WHAT IS REQUIRED
Search the records for the string "prefix" and copy every line in which it appears.

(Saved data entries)
━━━━

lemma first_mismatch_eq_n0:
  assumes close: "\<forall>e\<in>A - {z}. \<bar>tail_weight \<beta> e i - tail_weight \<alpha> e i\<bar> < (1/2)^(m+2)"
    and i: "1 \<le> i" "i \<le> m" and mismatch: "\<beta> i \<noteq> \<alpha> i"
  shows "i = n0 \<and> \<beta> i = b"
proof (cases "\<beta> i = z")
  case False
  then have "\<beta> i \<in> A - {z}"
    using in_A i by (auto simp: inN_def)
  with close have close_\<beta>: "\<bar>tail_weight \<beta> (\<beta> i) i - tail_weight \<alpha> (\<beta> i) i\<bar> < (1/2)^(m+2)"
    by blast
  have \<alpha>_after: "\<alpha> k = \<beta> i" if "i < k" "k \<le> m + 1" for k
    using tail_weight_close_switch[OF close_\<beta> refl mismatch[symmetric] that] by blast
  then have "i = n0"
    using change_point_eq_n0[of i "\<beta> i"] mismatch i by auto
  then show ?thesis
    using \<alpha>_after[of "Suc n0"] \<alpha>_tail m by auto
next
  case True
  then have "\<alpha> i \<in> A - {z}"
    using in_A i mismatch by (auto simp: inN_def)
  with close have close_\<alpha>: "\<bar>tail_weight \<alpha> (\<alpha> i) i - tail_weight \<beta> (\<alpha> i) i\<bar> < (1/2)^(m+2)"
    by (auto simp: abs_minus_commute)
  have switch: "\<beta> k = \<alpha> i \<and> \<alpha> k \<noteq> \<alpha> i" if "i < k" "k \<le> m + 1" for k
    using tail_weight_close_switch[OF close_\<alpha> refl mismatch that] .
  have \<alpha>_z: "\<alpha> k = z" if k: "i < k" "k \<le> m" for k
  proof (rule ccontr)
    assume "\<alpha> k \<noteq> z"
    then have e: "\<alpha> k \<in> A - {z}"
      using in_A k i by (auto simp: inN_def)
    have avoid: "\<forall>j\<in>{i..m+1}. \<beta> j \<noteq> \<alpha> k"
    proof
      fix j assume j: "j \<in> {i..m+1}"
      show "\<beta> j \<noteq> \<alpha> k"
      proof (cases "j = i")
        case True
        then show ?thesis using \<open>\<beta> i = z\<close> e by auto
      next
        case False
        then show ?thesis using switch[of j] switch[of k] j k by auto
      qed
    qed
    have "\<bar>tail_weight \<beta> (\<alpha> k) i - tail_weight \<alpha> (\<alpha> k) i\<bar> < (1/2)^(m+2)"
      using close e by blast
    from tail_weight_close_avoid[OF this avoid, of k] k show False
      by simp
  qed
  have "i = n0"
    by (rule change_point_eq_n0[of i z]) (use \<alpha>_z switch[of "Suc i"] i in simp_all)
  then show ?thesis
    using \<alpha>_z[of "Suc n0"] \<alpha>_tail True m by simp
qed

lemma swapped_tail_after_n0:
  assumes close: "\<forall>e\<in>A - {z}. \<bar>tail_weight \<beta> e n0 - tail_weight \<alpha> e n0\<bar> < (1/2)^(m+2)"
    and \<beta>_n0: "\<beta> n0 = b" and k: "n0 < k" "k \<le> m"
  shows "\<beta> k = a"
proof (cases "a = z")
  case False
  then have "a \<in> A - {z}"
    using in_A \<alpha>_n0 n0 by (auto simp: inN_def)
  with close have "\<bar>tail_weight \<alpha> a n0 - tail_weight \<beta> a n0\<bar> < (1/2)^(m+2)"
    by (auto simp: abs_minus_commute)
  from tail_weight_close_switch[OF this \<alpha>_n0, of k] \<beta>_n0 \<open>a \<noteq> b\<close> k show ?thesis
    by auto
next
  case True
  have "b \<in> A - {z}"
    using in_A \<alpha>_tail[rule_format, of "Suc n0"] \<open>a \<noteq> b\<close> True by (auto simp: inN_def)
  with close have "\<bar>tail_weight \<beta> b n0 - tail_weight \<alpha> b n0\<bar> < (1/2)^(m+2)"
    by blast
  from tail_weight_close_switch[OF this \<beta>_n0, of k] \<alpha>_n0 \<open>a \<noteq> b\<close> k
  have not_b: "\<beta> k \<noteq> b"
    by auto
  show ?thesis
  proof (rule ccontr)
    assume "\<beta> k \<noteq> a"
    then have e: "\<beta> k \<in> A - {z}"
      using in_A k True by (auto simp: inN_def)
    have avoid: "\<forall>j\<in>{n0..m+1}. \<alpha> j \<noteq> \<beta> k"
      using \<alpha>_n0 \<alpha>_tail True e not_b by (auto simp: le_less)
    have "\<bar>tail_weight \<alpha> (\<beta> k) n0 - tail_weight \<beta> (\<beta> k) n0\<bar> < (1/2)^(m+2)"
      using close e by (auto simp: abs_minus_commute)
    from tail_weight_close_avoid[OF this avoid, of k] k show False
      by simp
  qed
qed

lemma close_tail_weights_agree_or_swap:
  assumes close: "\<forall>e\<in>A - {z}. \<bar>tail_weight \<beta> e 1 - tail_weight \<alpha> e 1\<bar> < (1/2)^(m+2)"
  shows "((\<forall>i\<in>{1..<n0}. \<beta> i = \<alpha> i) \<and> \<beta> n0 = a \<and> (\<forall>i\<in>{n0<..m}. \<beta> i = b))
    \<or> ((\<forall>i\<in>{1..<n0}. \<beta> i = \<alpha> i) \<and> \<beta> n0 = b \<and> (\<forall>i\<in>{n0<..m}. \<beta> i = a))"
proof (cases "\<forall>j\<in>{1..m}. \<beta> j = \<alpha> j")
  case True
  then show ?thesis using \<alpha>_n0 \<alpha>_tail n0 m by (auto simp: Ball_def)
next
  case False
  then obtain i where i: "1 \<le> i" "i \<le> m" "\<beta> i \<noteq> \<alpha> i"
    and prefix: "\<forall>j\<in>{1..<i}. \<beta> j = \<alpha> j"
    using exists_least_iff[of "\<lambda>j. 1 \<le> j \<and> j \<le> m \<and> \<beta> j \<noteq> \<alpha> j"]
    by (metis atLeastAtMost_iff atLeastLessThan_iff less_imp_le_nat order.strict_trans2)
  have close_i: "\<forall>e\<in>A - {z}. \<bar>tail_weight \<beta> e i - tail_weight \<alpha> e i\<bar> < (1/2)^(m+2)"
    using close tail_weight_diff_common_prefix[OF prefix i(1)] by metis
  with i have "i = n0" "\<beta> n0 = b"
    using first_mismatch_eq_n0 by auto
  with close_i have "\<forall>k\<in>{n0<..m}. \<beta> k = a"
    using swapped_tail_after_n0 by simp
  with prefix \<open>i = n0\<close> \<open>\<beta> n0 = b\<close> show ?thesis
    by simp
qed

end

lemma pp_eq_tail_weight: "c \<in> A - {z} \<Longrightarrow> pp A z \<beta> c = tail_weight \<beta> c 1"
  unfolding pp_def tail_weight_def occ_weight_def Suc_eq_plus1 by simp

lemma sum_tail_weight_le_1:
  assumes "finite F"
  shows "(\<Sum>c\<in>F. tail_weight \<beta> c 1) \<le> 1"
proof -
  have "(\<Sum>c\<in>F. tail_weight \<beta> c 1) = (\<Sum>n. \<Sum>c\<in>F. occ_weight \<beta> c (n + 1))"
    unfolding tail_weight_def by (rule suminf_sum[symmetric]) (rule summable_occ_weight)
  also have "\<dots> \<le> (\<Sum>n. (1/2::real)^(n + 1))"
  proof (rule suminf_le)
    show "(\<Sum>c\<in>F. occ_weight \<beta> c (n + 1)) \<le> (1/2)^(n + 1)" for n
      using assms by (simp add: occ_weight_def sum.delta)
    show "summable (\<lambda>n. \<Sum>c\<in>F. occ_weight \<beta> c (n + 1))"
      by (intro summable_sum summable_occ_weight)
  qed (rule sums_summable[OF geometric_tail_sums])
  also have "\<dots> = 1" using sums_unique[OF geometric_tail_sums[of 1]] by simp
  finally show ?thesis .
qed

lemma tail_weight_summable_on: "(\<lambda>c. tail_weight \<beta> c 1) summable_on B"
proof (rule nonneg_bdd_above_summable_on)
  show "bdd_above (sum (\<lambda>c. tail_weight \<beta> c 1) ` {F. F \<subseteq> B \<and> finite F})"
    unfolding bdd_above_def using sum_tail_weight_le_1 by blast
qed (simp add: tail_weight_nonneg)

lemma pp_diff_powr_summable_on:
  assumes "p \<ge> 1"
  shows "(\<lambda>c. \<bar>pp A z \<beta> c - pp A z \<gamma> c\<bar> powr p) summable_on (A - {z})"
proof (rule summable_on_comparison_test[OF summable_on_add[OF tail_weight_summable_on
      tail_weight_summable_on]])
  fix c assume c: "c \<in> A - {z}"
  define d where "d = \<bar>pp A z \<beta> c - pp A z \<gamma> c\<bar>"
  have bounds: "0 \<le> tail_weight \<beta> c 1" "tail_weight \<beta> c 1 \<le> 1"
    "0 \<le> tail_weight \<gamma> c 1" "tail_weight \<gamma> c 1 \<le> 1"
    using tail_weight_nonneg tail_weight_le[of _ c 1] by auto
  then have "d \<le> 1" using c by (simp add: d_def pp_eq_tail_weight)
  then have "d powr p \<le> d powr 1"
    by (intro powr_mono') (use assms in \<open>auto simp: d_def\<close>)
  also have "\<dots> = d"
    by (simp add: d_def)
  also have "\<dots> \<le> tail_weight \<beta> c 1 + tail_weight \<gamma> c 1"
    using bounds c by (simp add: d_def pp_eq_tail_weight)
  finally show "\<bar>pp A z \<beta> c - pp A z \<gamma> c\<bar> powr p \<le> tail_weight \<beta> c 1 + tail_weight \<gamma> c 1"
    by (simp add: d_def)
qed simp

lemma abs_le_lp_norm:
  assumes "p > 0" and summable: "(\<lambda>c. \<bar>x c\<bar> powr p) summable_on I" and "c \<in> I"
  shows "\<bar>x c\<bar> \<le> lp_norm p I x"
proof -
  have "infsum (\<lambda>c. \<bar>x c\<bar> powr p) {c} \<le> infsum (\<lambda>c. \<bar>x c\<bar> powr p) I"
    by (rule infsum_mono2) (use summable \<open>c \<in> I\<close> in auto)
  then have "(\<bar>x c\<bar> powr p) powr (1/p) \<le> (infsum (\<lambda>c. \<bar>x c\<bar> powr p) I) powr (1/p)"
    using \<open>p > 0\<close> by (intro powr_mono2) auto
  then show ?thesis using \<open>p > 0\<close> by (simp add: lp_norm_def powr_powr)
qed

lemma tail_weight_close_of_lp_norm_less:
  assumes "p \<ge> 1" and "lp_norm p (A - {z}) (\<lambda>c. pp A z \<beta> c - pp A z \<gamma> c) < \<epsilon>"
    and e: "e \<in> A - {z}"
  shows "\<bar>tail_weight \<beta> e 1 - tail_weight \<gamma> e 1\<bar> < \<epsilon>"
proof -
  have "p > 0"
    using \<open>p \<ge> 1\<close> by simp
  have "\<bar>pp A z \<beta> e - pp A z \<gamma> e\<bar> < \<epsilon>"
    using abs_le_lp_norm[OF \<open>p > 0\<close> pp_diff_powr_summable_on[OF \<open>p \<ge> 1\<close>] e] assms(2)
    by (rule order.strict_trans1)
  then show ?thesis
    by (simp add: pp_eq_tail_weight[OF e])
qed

━━━━

RESULT
    and prefix: "\<forall>j\<in>{1..<i}. \<beta> j = \<alpha> j"
    using close tail_weight_diff_common_prefix[OF prefix i(1)] by metis
  with prefix \<open>i = n0\<close> \<open>\<beta> n0 = b\<close> show ?thesis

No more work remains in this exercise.